Jenna made a helpless gesture. “That, and every possibility in between," she said. “I don’t know. I didn’t say they were viruses. I just said that was the thrust of the message they left—in me. I saw it. Twice.” Her lips were quivering again.

“All right,” I said, and tried to give her a reassuring smile. Though I didn’t particularly feel that way. “And was that all there was? That was the entire text on the screen?”

“That’s the substance of the message,” Jenna said. “There was something more at the end—a sort of notice I guess.”

“Tell it to me,” I prompted.

She closed her eyes, as if trying to get these words exactly. Apparently she felt they in themselves posed no threat. “Anyone who reads these words, who possesses our codes, is free to use them. As allowed under our Copyright Notice.”

“Copyright Notice?” So there it was. I was glad Jenna was at last being honest with me.

She shrugged. “That’s what the ASCII translation table printed out in English.

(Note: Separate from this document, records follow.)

lemma conformal_cylinder_conf_factor: "conformal_cylinder conf_factor"
proof
  show "conf_factor t > 0" for t
    using v_pos[of t] by (simp add: conf_factor_def)
  show "conf_factor differentiable (at t)" for t
    using DERIV_conf_factor real_differentiable_def by blast
  have "deriv conf_factor = (\<lambda>t. 2 * inv_rate * deriv v t * conf_factor t / v t)"
    using DERIV_conf_factor by (intro ext DERIV_imp_deriv)
  moreover have "v differentiable (at t)" "deriv v differentiable (at t)" "conf_factor differentiable (at t)" for t
    using DERIV_v DERIV_deriv_v DERIV_conf_factor by (auto simp: real_differentiable_def)
  ultimately show "deriv conf_factor differentiable (at t)" for t
    using v_pos[of t] by (auto intro!: derivative_intros)
qed

interpretation g: conformal_cylinder i0 conf_factor
  by (rule conformal_cylinder_conf_factor)

lemma alpha_conf_factor: "g.alpha t = inv_rate * deriv v t / v t"
  using DERIV_imp_deriv[OF DERIV_conf_factor] g.P_pos[of t] v_pos[of t]
  by (simp add: g.alpha_def field_simps)

lemma dalpha_conf_factor:
  "g.dalpha t = inv_rate * (deriv (deriv v) t * v t - deriv v t * deriv v t) / (v t * v t)"
proof -
  have "((\<lambda>t. inv_rate * deriv v t / v t) has_real_derivative
      (inv_rate * deriv (deriv v) t * v t - inv_rate * deriv v t * deriv v t) / (v t * v t)) (at t)"
    using v_pos[of t] by (intro DERIV_divide DERIV_cmult DERIV_deriv_v DERIV_v) (auto simp: less_imp_neq[symmetric])
  then show ?thesis
    unfolding g.dalpha_def alpha_conf_factor[abs_def] by (simp add: DERIV_imp_deriv algebra_simps)
qed

lemma conf_metric_eq: "conf_metric k i0 v = g.metric"
  by (rule ext)
    (simp add: conf_metric_def cyl_metric_def g.metric_def g.metric_diag_def g.sph_def g.rad2_def
      vec_eq_iff conf_factor_def)
(* Let $\mathcal A$ be a transitive Lie algebroid over $M$ with kernel $\mathcal L$. For every triple $(g,h,\nabla)$ where $g$ is a (possibly degenerate) metric on $M$, $h$ is a non-degenerate inner metric on $\mathcal L$ and $\nabla$ is an ordinary connection on $\mathcal A$ with connection 1-form $\omega$, the formula $$\widehat g(X,Y)=g(\rho(X),\rho(Y))+h(\omega(X),\omega(Y)),\qquad X,Y\in\mathcal A,$$ defines an inner non-degenerate metric on $\mathcal A$; and every inner non-degenerate metric $\widehat g$ on $\mathcal A$ arises in this way from exactly one such triple (so that inner non-degenerate metrics on $\mathcal A$ are equivalent to such triples).
   Context: A transitive Lie algebroid over $M$ is a finitely generated projective $C^\infty(M)$-module $\mathcal A$ with Lie bracket and surjective $C^\infty(M)$-linear Lie morphism $\rho:\mathcal A\to\Gamma(TM)$ with $[X,fY]=f[X,Y]+(\rho(X)f)Y$; its kernel $\mathcal L=\ker\rho=\Gamma(\mathbb L)$ for a locally trivial Lie algebra bundle $\mathbb L$; $\iota:\mathcal L\to\mathcal A$ is the inclusion. An inner metric on $\mathcal L$ is a metric $h$ on the vector bundle $\mathbb L$ (a symmetric $C^\infty(M)$-bilinear map $\mathcal L\otimes\mathcal L\to C^\infty(M)$). A metric on $\mathcal A$ is a symmetric $C^\infty(M)$-bilinear map $\widehat g:\mathcal A\otimes\mathcal A\to C^\infty(M)$; it is inner non-degenerate if $\iota^*\widehat g$, $(\gamma,\eta)\mapsto\widehat g(\iota\gamma,\iota\eta)$, is non-degenerate on $\mathbb L$. An ordinary connection is a $C^\infty(M)$-linear $\nabla:\Gamma(TM)\to\mathcal A$ with $\rho\circ\nabla=\mathrm{id}$; its connection 1-form $\omega:\mathcal A\to\mathcal L$ is defined by $X=\nabla_{\rho(X)}-\iota(\omega(X))$. *)

theory Defs
  imports "HOL-Analysis.Analysis"
begin

text \<open>The ring of smooth functions C-infinity(M) is modelled by an
  abstract commutative real algebra of type 'r; modules of sections are abelian groups
  with a scalar action (library locale module). Vector fields Gamma(TM) form a module
  of type 't with a bracket and an action on functions by derivations.\<close>

definition real_lie_algebra ::
  "('r::{comm_ring_1,real_algebra_1} \<Rightarrow> 'a::ab_group_add \<Rightarrow> 'a) \<Rightarrow> ('a \<Rightarrow> 'a \<Rightarrow> 'a) \<Rightarrow> bool" where
  "real_lie_algebra sc br \<longleftrightarrow>
     (\<forall>x y z. br (x + y) z = br x z + br y z) \<and>
     (\<forall>c x y. br (sc (of_real c) x) y = sc (of_real c) (br x y)) \<and>
     (\<forall>x y. br x y = - br y x) \<and>
     (\<forall>x y z. br x (br y z) + br y (br z x) + br z (br x y) = 0)"

definition vector_field_structure ::
  "('r::{comm_ring_1,real_algebra_1} \<Rightarrow> 't::ab_group_add \<Rightarrow> 't) \<Rightarrow> ('t \<Rightarrow> 't \<Rightarrow> 't) \<Rightarrow> ('t \<Rightarrow> 'r \<Rightarrow> 'r) \<Rightarrow> bool" where
  "vector_field_structure sT brT act \<longleftrightarrow>
     module sT \<and> real_lie_algebra sT brT \<and>
     (\<forall>U f k. act U (f + k) = act U f + act U k) \<and>
     (\<forall>U f k. act U (f * k) = f * act U k + k * act U f) \<and>
     (\<forall>U c. act U (of_real c) = 0) \<and>
     (\<forall>U V f. act (U + V) f = act U f + act V f) \<and>
     (\<forall>g U f. act (sT g U) f = g * act U f) \<and>
     (\<forall>U V f. act (brT U V) f = act U (act V f) - act V (act U f))"

definition fin_gen_projective :: "('r::comm_ring_1 \<Rightarrow> 'a::ab_group_add \<Rightarrow> 'a) \<Rightarrow> bool" where
  "fin_gen_projective sA \<longleftrightarrow>
     (\<exists>(n::nat) (e::nat \<Rightarrow> 'a) (\<phi>::nat \<Rightarrow> 'a \<Rightarrow> 'r).
        (\<forall>i<n. module_hom sA (\<lambda>r x. r * x) (\<phi> i)) \<and>
        (\<forall>X. X = (\<Sum>i<n. sA (\<phi> i X) (e i))))"

definition transitive_Lie_algebroid ::
  "('r::{comm_ring_1,real_algebra_1} \<Rightarrow> 'a::ab_group_add \<Rightarrow> 'a) \<Rightarrow> ('a \<Rightarrow> 'a \<Rightarrow> 'a) \<Rightarrow>
   ('r \<Rightarrow> 't::ab_group_add \<Rightarrow> 't) \<Rightarrow> ('t \<Rightarrow> 't \<Rightarrow> 't) \<Rightarrow> ('t \<Rightarrow> 'r \<Rightarrow> 'r) \<Rightarrow>
   ('a \<Rightarrow> 't) \<Rightarrow> bool" where
  "transitive_Lie_algebroid sA brA sT brT act \<rho> \<longleftrightarrow>
     module sA \<and> fin_gen_projective sA \<and> real_lie_algebra sA brA \<and>
     vector_field_structure sT brT act \<and>
     module_hom sA sT \<rho> \<and> surj \<rho> \<and>
     (\<forall>X Y. \<rho> (brA X Y) = brT (\<rho> X) (\<rho> Y)) \<and>
     (\<forall>X f Y. brA X (sA f Y) = sA f (brA X Y) + sA (act (\<rho> X) f) Y)"
(* (a) Let $B^L$ be a segment of the left boundary of $S_{slit}$ (oriented either way), and suppose $K_1$ extends continuously to $B^L$ with $K_1(z_1)\in e^{-i\pi/4}\mathbb R$ for all $z_1\in B^L$. Then for every $z_2\in S_{slit}$, $$\int_{B^L}\big(\mathcal K^{\circ\circ}_{K_1,K_2}(z_1,z_2)\,dz_1+\mathcal K^{\bullet\circ}_{K_1,K_2}(z_1,z_2)\,d\bar z_1\big)=0,\qquad\int_{B^L}\big(\mathcal K^{\circ\bullet}_{K_1,K_2}(z_1,z_2)\,dz_1+\mathcal K^{\bullet\bullet}_{K_1,K_2}(z_1,z_2)\,d\bar z_1\big)=0.$$ (b) Let $B^R$ be a segment of the right boundary of $S_{slit}$, and suppose $K_1$ extends continuously to $B^R$ with $K_1(z_1)\in e^{i\pi/4}\mathbb R$ for all $z_1\in B^R$. Then for every $z_2\in S_{slit}$ the same two integrals over $B^R$ vanish.
   Context: $S=\{z\in\mathbb C:-\frac12<\mathrm{Re}\,z<\frac12\}$ and $S_{slit}=S\setminus\{iy:y\le0\}$. Each point $iy$, $y<0$, of the slit gives two prime ends $0^-+iy$ (seen from $\mathrm{Re}\,z<0$) and $0^++iy$ (seen from $\mathrm{Re}\,z>0$). The left boundary of $S_{slit}$ is $\{-\frac12+iy:y\in\mathbb R\}\cup\{0^++iy:y<0\}$ and the right boundary is $\{\frac12+iy:y\in\mathbb R\}\cup\{0^-+iy:y<0\}$. $\varphi:S_{slit}\to\mathbb H$ is the conformal map onto the upper half-plane sending the top extremity ($\mathrm{Im}\,z\to+\infty$) to $\infty$, the bottom-left extremity to $-\frac12$ and the bottom-right extremity to $+\frac12$ (explicitly $\varphi(z)=\frac12\sqrt{1-e^{-2\pi iz}}$ for a suitable branch); it extends analytically to the boundary arcs. Fix a continuous branch of $\sqrt{\varphi'}$. For functions $K_1,K_2$ defined at $z_1,z_2$ respectively (bars denote complex conjugation): $\mathcal K^{\circ\circ}_{K_1,K_2}(z_1,z_2)=\frac{K_1(z_1)\sqrt{\varphi'(z_1)}\,K_2(z_2)\sqrt{\varphi'(z_2)}}{\varphi(z_1)-\varphi(z_2)}$, $\mathcal K^{\circ\bullet}_{K_1,K_2}=\frac{K_1(z_1)\sqrt{\varphi'(z_1)}\,\overline{K_2(z_2)\sqrt{\varphi'(z_2)}}}{\varphi(z_1)-\overline{\varphi(z_2)}}$, $\mathcal K^{\bullet\circ}_{K_1,K_2}=\frac{\overline{K_1(z_1)\sqrt{\varphi'(z_1)}}\,K_2(z_2)\sqrt{\varphi'(z_2)}}{\overline{\varphi(z_1)}-\varphi(z_2)}$, $\mathcal K^{\bullet\bullet}_{K_1,K_2}=\frac{\overline{K_1(z_1)\sqrt{\varphi'(z_1)}}\,\overline{K_2(z_2)\sqrt{\varphi'(z_2)}}}{\overline{\varphi(z_1)}-\overline{\varphi(z_2)}}$. *)

theory Defs
  imports "HOL-Analysis.Analysis"
begin

definition S_slit :: "complex set" where
  "S_slit = {z. - 1/2 < Re z \<and> Re z < 1/2} - {z. Re z = 0 \<and> Im z \<le> 0}"

text \<open>The conformal map phi : S_slit -> H, phi(z) = 1/2 sqrt(1 - e^(-2 pi i z)),
  with the branch of the square root taking values in the upper half plane
  (written via the principal square root: i * csqrt(e^(-2 pi i z) - 1)).\<close>
definition phi :: "complex \<Rightarrow> complex" where
  "phi z = (1/2) * (\<i> * csqrt (exp (- 2 * of_real pi * \<i> * z) - 1))"

text \<open>Boundary points are written as complex numbers x0 + iy; a point iy (y<0) of the
  slit is ambiguous, so a prime end is determined by the point together with the side
  from which it is seen.  For the LEFT boundary the slit points are the prime ends 0^+ + iy
  (seen from Re z > 0); for the RIGHT boundary they are 0^- + iy (seen from Re z < 0).\<close>
definition left_region :: "complex \<Rightarrow> complex set" where
  "left_region p = (if Re p = 0 then {z \<in> S_slit. 0 < Re z} else S_slit)"

definition right_region :: "complex \<Rightarrow> complex set" where
  "right_region p = (if Re p = 0 then {z \<in> S_slit. Re z < 0} else S_slit)"

definition bval :: "(complex \<Rightarrow> complex set) \<Rightarrow> (complex \<Rightarrow> complex) \<Rightarrow> complex \<Rightarrow> complex" where
  "bval R f p = Lim (at p within R p) f"

definition left_boundary_segment :: "complex \<Rightarrow> complex \<Rightarrow> bool" where
  "left_boundary_segment a b \<longleftrightarrow>
     (Re a = - 1/2 \<and> Re b = - 1/2) \<or> (Re a = 0 \<and> Re b = 0 \<and> Im a < 0 \<and> Im b < 0)"

definition right_boundary_segment :: "complex \<Rightarrow> complex \<Rightarrow> bool" where
  "right_boundary_segment a b \<longleftrightarrow>
     (Re a = 1/2 \<and> Re b = 1/2) \<or> (Re a = 0 \<and> Re b = 0 \<and> Im a < 0 \<and> Im b < 0)"

definition extends_continuously ::
  "(complex \<Rightarrow> complex) \<Rightarrow> (complex \<Rightarrow> complex) \<Rightarrow> (complex \<Rightarrow> complex set) \<Rightarrow> complex \<Rightarrow> complex \<Rightarrow> bool" where
  "extends_continuously K1 KB R a b \<longleftrightarrow>
     continuous_on (closed_segment a b) KB \<and>
     (\<forall>p\<in>closed_segment a b. (K1 \<longlongrightarrow> KB p) (at p within R p))"

text \<open>The four kernels, as functions of the values k_j = K_j(z_j), s_j = sqrt(phi'(z_j)),
  f_j = phi(z_j).\<close>
definition Kcc :: "complex \<Rightarrow> complex \<Rightarrow> complex \<Rightarrow> complex \<Rightarrow> complex \<Rightarrow> complex \<Rightarrow> complex" where
  "Kcc k1 s1 f1 k2 s2 f2 = k1 * s1 * (k2 * s2) / (f1 - f2)"
definition Kcb :: "complex \<Rightarrow> complex \<Rightarrow> complex \<Rightarrow> complex \<Rightarrow> complex \<Rightarrow> complex \<Rightarrow> complex" where
  "Kcb k1 s1 f1 k2 s2 f2 = k1 * s1 * cnj (k2 * s2) / (f1 - cnj f2)"
definition Kbc :: "complex \<Rightarrow> complex \<Rightarrow> complex \<Rightarrow> complex \<Rightarrow> complex \<Rightarrow> complex \<Rightarrow> complex" where
  "Kbc k1 s1 f1 k2 s2 f2 = cnj (k1 * s1) * (k2 * s2) / (cnj f1 - f2)"
definition Kbb :: "complex \<Rightarrow> complex \<Rightarrow> complex \<Rightarrow> complex \<Rightarrow> complex \<Rightarrow> complex \<Rightarrow> complex" where
  "Kbb k1 s1 f1 k2 s2 f2 = cnj (k1 * s1) * cnj (k2 * s2) / (cnj f1 - cnj f2)"

definition has_dz_dzbar_integral ::
  "(complex \<Rightarrow> complex) \<Rightarrow> (complex \<Rightarrow> complex) \<Rightarrow> complex \<Rightarrow> complex \<Rightarrow> complex \<Rightarrow> bool" where
  "has_dz_dzbar_integral F G a b I \<longleftrightarrow>
     ((\<lambda>t. F (linepath a b t) * (b - a) + G (linepath a b t) * cnj (b - a)) has_integral I) {0..1}"

end

theory Submission
  imports Defs
begin

(* On both boundary arcs of S_slit the map phi is real-valued, and phi' has constant phase there:
   phi' lies in i*[0,oo) on the left boundary and in -i*[0,oo) on the right one.  The arcs are
   vertical, so dz lies in i*R, and with K1 in e^(-i pi/4) R (resp. e^(i pi/4) R) the product
   X = K1 sqrt(phi') dz is purely imaginary.  As phi(z1) is real, the dz and d(conj z1) terms of each
   kernel pair add up to a multiple of X + conj X = 0: the integrand vanishes identically.
   The boundary values come from phi(z) = (i/2) sqrt(e^(-2 pi i z) - 1): e^(-2 pi i z) maps each side
   of the slit into an open half-plane, on whose closure the square root has a continuous branch.
   The given branch of sqrt(phi') has boundary values because a continuous square root of a
   function with a nonzero limit has a limit itself, by connectedness of the domain. *)

lemma connected_square_root_sign:
  fixes f :: "'a::topological_space \<Rightarrow> complex"
  assumes "connected C" "continuous_on C f" "D \<noteq> 0"
    and close: "\<forall>z\<in>C. norm ((f z)\<^sup>2 - D) < norm D"
  obtains s where "s\<^sup>2 = D" "\<forall>z\<in>C. norm (f z - s) < norm s"
proof -
  define r where "r = norm (csqrt D)"
  have r: "0 < r" "r * r = norm D"
    using \<open>D \<noteq> 0\<close> by (simp_all add: r_def norm_mult[symmetric] power2_eq_square[symmetric])
  have factor: "norm (w - s) * norm (w + s) = norm (w\<^sup>2 - D)" if "s\<^sup>2 = D" for w s
    using that by (simp add: norm_mult[symmetric] power2_eq_square algebra_simps)
  have "f ` C \<subseteq> ball (csqrt D) r \<union> ball (- csqrt D) r"
  proof
    fix w assume "w \<in> f ` C"
    then have "norm (w - csqrt D) * norm (w + csqrt D) < r * r"
      using close factor[of "csqrt D"] r by auto
    then have "norm (w - csqrt D) < r \<or> norm (w + csqrt D) < r"
      using mult_mono[of r "norm (w - csqrt D)" r "norm (w + csqrt D)"] r by force
    then show "w \<in> ball (csqrt D) r \<union> ball (- csqrt D) r"
      by (auto simp: dist_norm norm_minus_commute simp flip: diff_minus_eq_add)
  qed
  moreover have "ball (csqrt D) r \<inter> ball (- csqrt D) r = {}"
  proof -
    have "2 * r \<le> dist (csqrt D) w + dist (- csqrt D) w" for w
      using norm_triangle_ineq[of "csqrt D - w" "w + csqrt D"]
      by (simp add: r_def norm_mult dist_norm norm_minus_commute[of "- csqrt D"] add.commute)
    then show ?thesis
      unfolding disjoint_iff mem_ball by (smt (verit))
  qed
  moreover have "connected (f ` C)"
    using assms(1,2) by (rule connected_continuous_image[rotated])
  ultimately have "f ` C \<subseteq> ball (csqrt D) r \<or> f ` C \<subseteq> ball (- csqrt D) r"
    using connectedD[of "f ` C" "ball (csqrt D) r" "ball (- csqrt D) r"] by blast
  then show ?thesis
  proof
    assume "f ` C \<subseteq> ball (csqrt D) r"
    then show ?thesis
      by (intro that[of "csqrt D"]) (auto simp: r_def dist_norm norm_minus_commute)
  next
    assume "f ` C \<subseteq> ball (- csqrt D) r"
    then show ?thesis
      by (intro that[of "- csqrt D"])
        (auto simp: r_def dist_norm norm_minus_commute simp flip: diff_minus_eq_add)
  qed
qed

lemma tendsto_square_root:
  fixes f :: "'a::real_normed_vector \<Rightarrow> complex"
  assumes "convex A" "p \<notin> A" "continuous_on A f"
    and lim: "((\<lambda>z. (f z)\<^sup>2) \<longlongrightarrow> D) (at p within A)"
  obtains s where "s\<^sup>2 = D" "(f \<longlongrightarrow> s) (at p within A)"
proof (cases "D = 0")
  case True
  have "((\<lambda>z. sqrt (norm ((f z)\<^sup>2))) \<longlongrightarrow> sqrt (norm D)) (at p within A)"
    by (intro tendsto_intros lim)
  then have "(f \<longlongrightarrow> 0) (at p within A)"
    using True by (simp add: norm_power tendsto_norm_zero_iff)
  then show ?thesis
    using True by (intro that) auto
next
  case False
  then have "\<forall>\<^sub>F z in at p within A. dist ((f z)\<^sup>2) D < norm D"
    using lim by (simp add: tendsto_iff)
  then obtain d where "d > 0"
    and near: "\<And>z. z \<in> A \<Longrightarrow> dist z p < d \<Longrightarrow> norm ((f z)\<^sup>2 - D) < norm D"
    using \<open>p \<notin> A\<close> by (force simp: eventually_at dist_norm)
  define C where "C = A \<inter> ball p d"
  have "connected C"
    unfolding C_def using \<open>convex A\<close> by (intro convex_connected convex_Int convex_ball)
  moreover have "continuous_on C f"
    unfolding C_def using assms(3) by (rule continuous_on_subset) auto
  ultimately obtain s where s: "s\<^sup>2 = D" "\<forall>z\<in>C. norm (f z - s) < norm s"
    using connected_square_root_sign[of C f D] False near
    by (auto simp: C_def dist_commute)
  have "s \<noteq> 0" using s(1) False by auto
  have "\<forall>\<^sub>F z in at p within A. norm (f z - s) \<le> norm ((f z)\<^sup>2 - D) / norm s"
    using \<open>d > 0\<close> unfolding eventually_at
  proof (intro exI[of _ d] conjI ballI impI)
    fix z assume "z \<in> A" "z \<noteq> p \<and> dist z p < d"
    then have "norm (f z - s) < norm s"
      using s(2) by (auto simp: C_def dist_commute)
    moreover have "2 * norm s \<le> norm (f z + s) + norm (f z - s)"
      using norm_triangle_ineq4[of "f z + s" "f z - s"] by (simp add: norm_mult)
    ultimately have "norm s \<le> norm (f z + s)" by linarith
    moreover have "norm ((f z)\<^sup>2 - D) = norm (f z - s) * norm (f z + s)"
      using s(1) by (simp add: norm_mult[symmetric] power2_eq_square algebra_simps)
    ultimately have "norm (f z - s) * norm s \<le> norm ((f z)\<^sup>2 - D)"
      by (simp add: mult_left_mono)
    then show "norm (f z - s) \<le> norm ((f z)\<^sup>2 - D) / norm s"
      using \<open>s \<noteq> 0\<close> by (simp add: field_simps)
  qed
  moreover have "((\<lambda>z. norm ((f z)\<^sup>2 - D) / norm s) \<longlongrightarrow> 0) (at p within A)"
    using lim by (intro tendsto_divide_zero tendsto_norm_zero) (simp add: LIM_zero)
  ultimately have "((\<lambda>z. f z - s) \<longlongrightarrow> 0) (at p within A)"
    by (rule Lim_null_comparison)
  then show ?thesis
    using s(1) by (intro that) (auto simp: LIM_zero_iff)
qed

The newer approaches try to go for figurative rather than literal translations where possible—they convey the culture with more flair, though increase the likelihood of error. The proto-Indo-European was closer to Proclamation of Possession, or maybe Announcement of Ownership Privileges—I’ve become an expert on that damn language, already, believe me. Truthfully, we didn’t pay all that much attention to that last part. The stuff in the body of the message seemed much more important.”